Problem: Find the temperature of an object at the end of another half an hour if it cools from 120°F to 95°F in the first half an hour when surrounded by air whose temperature is 70°F.

Solution:
We can use Newton's Law of Cooling to solve this problem. According to this law, the rate of cooling of an object is proportional to the temperature difference between the object and its surroundings.

Formula:
dT/dt = -k(T - Ts)

where dT/dt is the rate of change of temperature of the object, T is the temperature of the object, Ts is the temperature of the surroundings, and k is a constant of proportionality.

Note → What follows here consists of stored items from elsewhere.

(* Let $d\ge 3$ be odd, $n=\frac{d^2+1}{2}$, and consider the generalized bicycle code defined by $a(x)=1+x$, $b(x)=1+x^d$ in $R_n$ (a $[[d^2+1,2,d]]$ code). Let $$u(x)=1+x^d+x^{2d}+\cdots+x^{(\frac{d-1}{2}-1)d},\qquad v(x)=x^{n-\frac{d+1}{2}}+x^{n-\frac{d+1}{2}+1}+\cdots+x^{n-1},$$ $P_d(x)=1+x+\cdots+x^{d-1}$, and $P_d(x)^{-1}$ its inverse modulo $x^n-1$. Then $w_1=(u(x),v(x))$ and $w_2=(xv(x^d),u(x^d))$ lie in $C_1\setminus C_2$ and $w_1+w_2\notin C_2$, so the two logical qubits may be labelled so that the X-type operator $X^{w_1}$ implements logical $XI$ and $X^{w_2}$ implements logical $XX$; with this labelling, logical $IX$ is implemented by $X^{(1,P_d(x))}$ and by $X^{(P_d(x)^{-1},1)}$. Each of these statements remains true when the vector is replaced by any cyclic shift $x^i\cdot(\,\cdot\,,\,\cdot\,)$. The operators for $XI$ and $XX$ have weight $d$ and those for $IX$ have weight $d+1$, and each is of minimum weight among X-type operators implementing the same logical operator.
   Context: $R_n=\mathbb{F}_2[x]/\langle x^n-1\rangle$; vectors of $\mathbb{F}_2^{2n}$ are pairs $(p(x),q(x))$ of elements of $R_n$ (first component on the first $n$ qubits, second on the last $n$), $x^i\cdot(p,q)=(x^ip,x^iq)$, and weight is the number of nonzero coefficients. For the generalized bicycle code defined by $a,b$: X-stabilizer space $C_2=\{(ca,cb):c\in R_n\}$ and $C_1=\{(p,q):pb+qa=0\}$ (X-type operators commuting with all Z-stabilizers $x^i(b(x^{-1}),a(x^{-1}))$). $X^{w}$ denotes the tensor product of Pauli $X$ on the support of $w$. X-type operators $X^w$, $X^{w'}$ with $w,w'\in C_1$ implement the same logical operator iff $w+w'\in C_2$, and $X^w$ is a non-trivial logical operator iff $w\in C_1\setminus C_2$. *)

theory Defs
  imports "HOL-Library.Z2" "HOL-Computational_Algebra.Polynomial"
begin

text \<open>Elements of R_n = F_2[x]/(x^n - 1) are represented by their canonical
 representatives: polynomials over F_2 (type bit) of degree < n.
 Vectors of F_2^{2n} are pairs of such representatives.\<close>

definition xn1 :: "nat \<Rightarrow> bit poly" where
  "xn1 n = monom 1 n - 1"

definition rmod :: "nat \<Rightarrow> bit poly \<Rightarrow> bit poly" where
  "rmod n p = p mod xn1 n"

definition Rn :: "nat \<Rightarrow> bit poly set" where
  "Rn n = {p. rmod n p = p}"

definition rinv :: "nat \<Rightarrow> bit poly \<Rightarrow> bit poly" where
  "rinv n p = (SOME q. q \<in> Rn n \<and> rmod n (q * p) = 1)"

definition vadd :: "bit poly \<times> bit poly \<Rightarrow> bit poly \<times> bit poly \<Rightarrow> bit poly \<times> bit poly" where
  "vadd w w' = (fst w + fst w', snd w + snd w')"

definition shift :: "nat \<Rightarrow> nat \<Rightarrow> bit poly \<times> bit poly \<Rightarrow> bit poly \<times> bit poly" where
  "shift n i w = (rmod n (monom 1 i * fst w), rmod n (monom 1 i * snd w))"

definition pwt :: "bit poly \<Rightarrow> nat" where
  "pwt p = card {i. coeff p i \<noteq> 0}"

definition wt :: "bit poly \<times> bit poly \<Rightarrow> nat" where
  "wt w = pwt (fst w) + pwt (snd w)"

text \<open>X-stabilizer space C_2 and the space C_1 of X-operators commuting with the Z-stabilizers\<close>
definition C2 :: "nat \<Rightarrow> bit poly \<Rightarrow> bit poly \<Rightarrow> (bit poly \<times> bit poly) set" where
  "C2 n a b = {(rmod n (c * a), rmod n (c * b)) | c. c \<in> Rn n}"

definition C1 :: "nat \<Rightarrow> bit poly \<Rightarrow> bit poly \<Rightarrow> (bit poly \<times> bit poly) set" where
  "C1 n a b = {(p, q). p \<in> Rn n \<and> q \<in> Rn n \<and> rmod n (p * b + q * a) = 0}"
(* The Schur decomposition of the Jordan_Normal_Form library
   only provides a similarity by a matrix with orthogonal (not orthonormal) columns; here the
   columns are normalized, so that the inverse is the adjoint. *)
lemma unitary_schur:
  fixes A :: "complex mat"
  assumes "A \<in> carrier_mat n n" and "char_poly A = (\<Prod>e \<leftarrow> es. [:- e, 1:])"
  shows "\<exists>B P. similar_mat_wit A B P (mat_adjoint P) \<and> upper_triangular B \<and> diag_mat B = es"
  using assms
proof (induct es arbitrary: n A)
  case Nil
  with degree_monic_char_poly[of A n] have "n = 0" by auto
  with Nil show ?case
    by (intro exI[of _ A] exI[of _ "1\<^sub>m n"])
       (auto intro: similar_mat_wit_refl simp: diag_mat_def upper_triangular_def)
next
  case (Cons e es n A)
  have A: "A \<in> carrier_mat n n" by fact
  have e: "eigenvalue A e"
    unfolding eigenvalue_root_char_poly[OF A] Cons(3) by simp
  obtain W where W: "W \<in> carrier_mat n n" and W'W: "mat_adjoint W * W = 1\<^sub>m n"
    and WW': "W * mat_adjoint W = 1\<^sub>m n" and n: "n \<noteq> 0"
    and col0: "col (mat_adjoint W * A * W) 0 = vec n (\<lambda>i. if i = 0 then e else 0)"
    using unitary_eigenframe[OF A e] by blast
  define A' where "A' = mat_adjoint W * A * W"
  have A': "A' \<in> carrier_mat n n" unfolding A'_def using W A by auto
  have sim_A'A: "similar_mat_wit A' A (mat_adjoint W) W"
    by (rule similar_mat_witI[of _ _ n]) (use W A A' W'W WW' in \<open>auto simp: A'_def\<close>)
  obtain A2 A3 where A2: "A2 \<in> carrier_mat 1 (n - 1)" and A3: "A3 \<in> carrier_mat (n - 1) (n - 1)"
    and A'_block: "A' = four_block_mat (mat 1 1 (\<lambda>_. e)) A2 (0\<^sub>m (n - 1) 1) A3"
    using first_column_block[OF A' n col0[folded A'_def]] by blast
  have "char_poly A' = char_poly A"
    using char_poly_similar sim_A'A unfolding similar_mat_def by blast
  then have "[: -e, 1 :] * (\<Prod>e \<leftarrow> es. [:- e, 1:]) = char_poly A'"
    using Cons(3) by simp
  also have "\<dots> = char_poly (mat 1 1 (\<lambda>_. e)) * char_poly A3"
    unfolding A'_block by (rule char_poly_four_block_zeros_col[OF _ A2 A3]) auto
  also have "char_poly (mat 1 1 (\<lambda>_. e)) = [: -e, 1 :]"
    by (simp add: char_poly_defs det_def sign_def)
  finally have "char_poly A3 = (\<Prod>e \<leftarrow> es. [:- e, 1:])"
    by (metis mult_cancel_left pCons_eq_0_iff zero_neq_one)
  from Cons(1)[OF A3 this] obtain B P where sim3: "similar_mat_wit A3 B P (mat_adjoint P)"
    and ut: "upper_triangular B" and diag: "diag_mat B = es" by auto
  from unitary_triangularize_block[OF A2 A3 sim3 ut, of e] n obtain C Q
    where sim_A'C: "similar_mat_wit A' C Q (mat_adjoint Q)" and Q: "Q \<in> carrier_mat n n"
      and "upper_triangular C" "diag_mat C = e # es"
    unfolding A'_block[symmetric] diag by auto
  moreover have "similar_mat_wit A A' W (mat_adjoint W)"
    using similar_mat_wit_sym[OF sim_A'A] by simp
  moreover have "mat_adjoint (W * Q) = mat_adjoint Q * mat_adjoint W"
    using mat_adjoint_mult[OF W Q] .
  ultimately show ?case using similar_mat_wit_trans[OF _ sim_A'C] by metis
qed

section \<open>The spectral theorem for Hermitian matrices\<close>

lemma self_adjoint_upper_triangular_diagonal:
  fixes B :: "complex mat"
  assumes B: "B \<in> carrier_mat n n" and adj: "mat_adjoint B = B"
    and ut: "upper_triangular B" and i: "i < n" and j: "j < n"
  shows "B $$ (i,j) = (if i = j then diag_mat B ! i else 0)"
proof (cases "i = j")
  case True then show ?thesis using i B unfolding diag_mat_def by auto
next
  case False
  have "B $$ (i,j) = cnj (B $$ (j,i))"
    using arg_cong[OF adj, of "\<lambda>M. M $$ (i,j)"] i j B by auto
  show ?thesis
  proof (cases "j < i")
    case True then show ?thesis using ut i B False by auto
  next
    case False
    then have "B $$ (j,i) = 0" using ut j B \<open>i \<noteq> j\<close> by auto
    then show ?thesis using \<open>B $$ (i,j) = cnj (B $$ (j,i))\<close> \<open>i \<noteq> j\<close> by simp
  qed
qed

definition orthonormal_cols :: "nat \<Rightarrow> complex mat \<Rightarrow> bool" where
  "orthonormal_cols n U \<longleftrightarrow>
     (\<forall>p<n. \<forall>q<n. (\<Sum>t<n. cnj (U $$ (t,p)) * U $$ (t,q)) = (if p = q then 1 else 0))"

definition orthonormal_rows :: "nat \<Rightarrow> complex mat \<Rightarrow> bool" where
  "orthonormal_rows n U \<longleftrightarrow>
     (\<forall>t<n. \<forall>s<n. (\<Sum>p<n. U $$ (t,p) * cnj (U $$ (s,p))) = (if t = s then 1 else 0))"

(* A = U diag(a) U^H with U unitary, written entrywise: the spectral decomposition of A with
   eigenvalue list a and eigenvectors the columns of U. *)
definition spectral_decomp :: "nat \<Rightarrow> complex mat \<Rightarrow> complex mat \<Rightarrow> real list \<Rightarrow> bool" where
  "spectral_decomp n A U a \<longleftrightarrow> A \<in> carrier_mat n n \<and> U \<in> carrier_mat n n \<and> length a = n \<and>
     orthonormal_cols n U \<and> orthonormal_rows n U \<and>
     (\<forall>t<n. \<forall>s<n. A $$ (t,s) = (\<Sum>p<n. U $$ (t,p) * complex_of_real (a ! p) * cnj (U $$ (s,p))))"

lemma unitary_orthonormal:
  fixes P :: "complex mat"
  assumes P: "P \<in> carrier_mat n n" and P'P: "mat_adjoint P * P = 1\<^sub>m n" and PP': "P * mat_adjoint P = 1\<^sub>m n"
  shows "orthonormal_cols n P" and "orthonormal_rows n P"
proof -
  have P': "mat_adjoint P \<in> carrier_mat n n" using P by simp
  show "orthonormal_cols n P"
    unfolding orthonormal_cols_def
    using arg_cong[OF P'P, of "\<lambda>M. M $$ (_,_)"] mult_mat_entry[OF P' P] P by auto
  show "orthonormal_rows n P"
    unfolding orthonormal_rows_def
    using arg_cong[OF PP', of "\<lambda>M. M $$ (_,_)"] mult_mat_entry[OF P P'] P by auto
qed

Step 1: Find the value of k.
Given, the object cools from 120°F to 95°F in half an hour.
dT/dt = (95 - 120) / (0.5) = -50°F/hour
Ts = 70°F
Using the formula, we have:
-50 = -k(120 - 70)
k = 1/10

Step 2: Find the temperature of the object after another half an hour.
Let's assume that the initial temperature of the object at t = 0 is T0.
After the first half an hour, the temperature of the object is T1 = 95°F.
Using the formula, we have:
dT/dt = -k(T - Ts)
dT/dt = -1/10 (T - 70)
Separating variables and integrating, we get:
ln(T - 70) = -1/10 t + C
where C is the constant of integration.
At t = 0, T = T0, so we have:
ln(T0 - 70) = C
Substituting T1 = 95°F and t = 0.5 hour, we get:
ln(95 - 70) = -1/10 (0.5) + ln(T0 - 70)
ln(3) = -1/20 + ln(T0 - 70)
ln(T0 - 70) = ln(3) + 1/20
T0 - 70 = e^(ln(3) + 1/20)
T0 = e^(ln(3) + 1/20) + 70
T0 = 97.9°F (approx)

After another half an hour, the temperature of the object would be:
ln(T - 70) = -1/10 (1) + ln(97.9 - 70)
ln(T - 70) = -1/10 + ln(27.9)
ln(T - 70) = 1.958
T - 70 = e^(1.958)
T = 122.1°F (approx)

Answer: The temperature of the object at the end of another half an hour would be 122.1°F.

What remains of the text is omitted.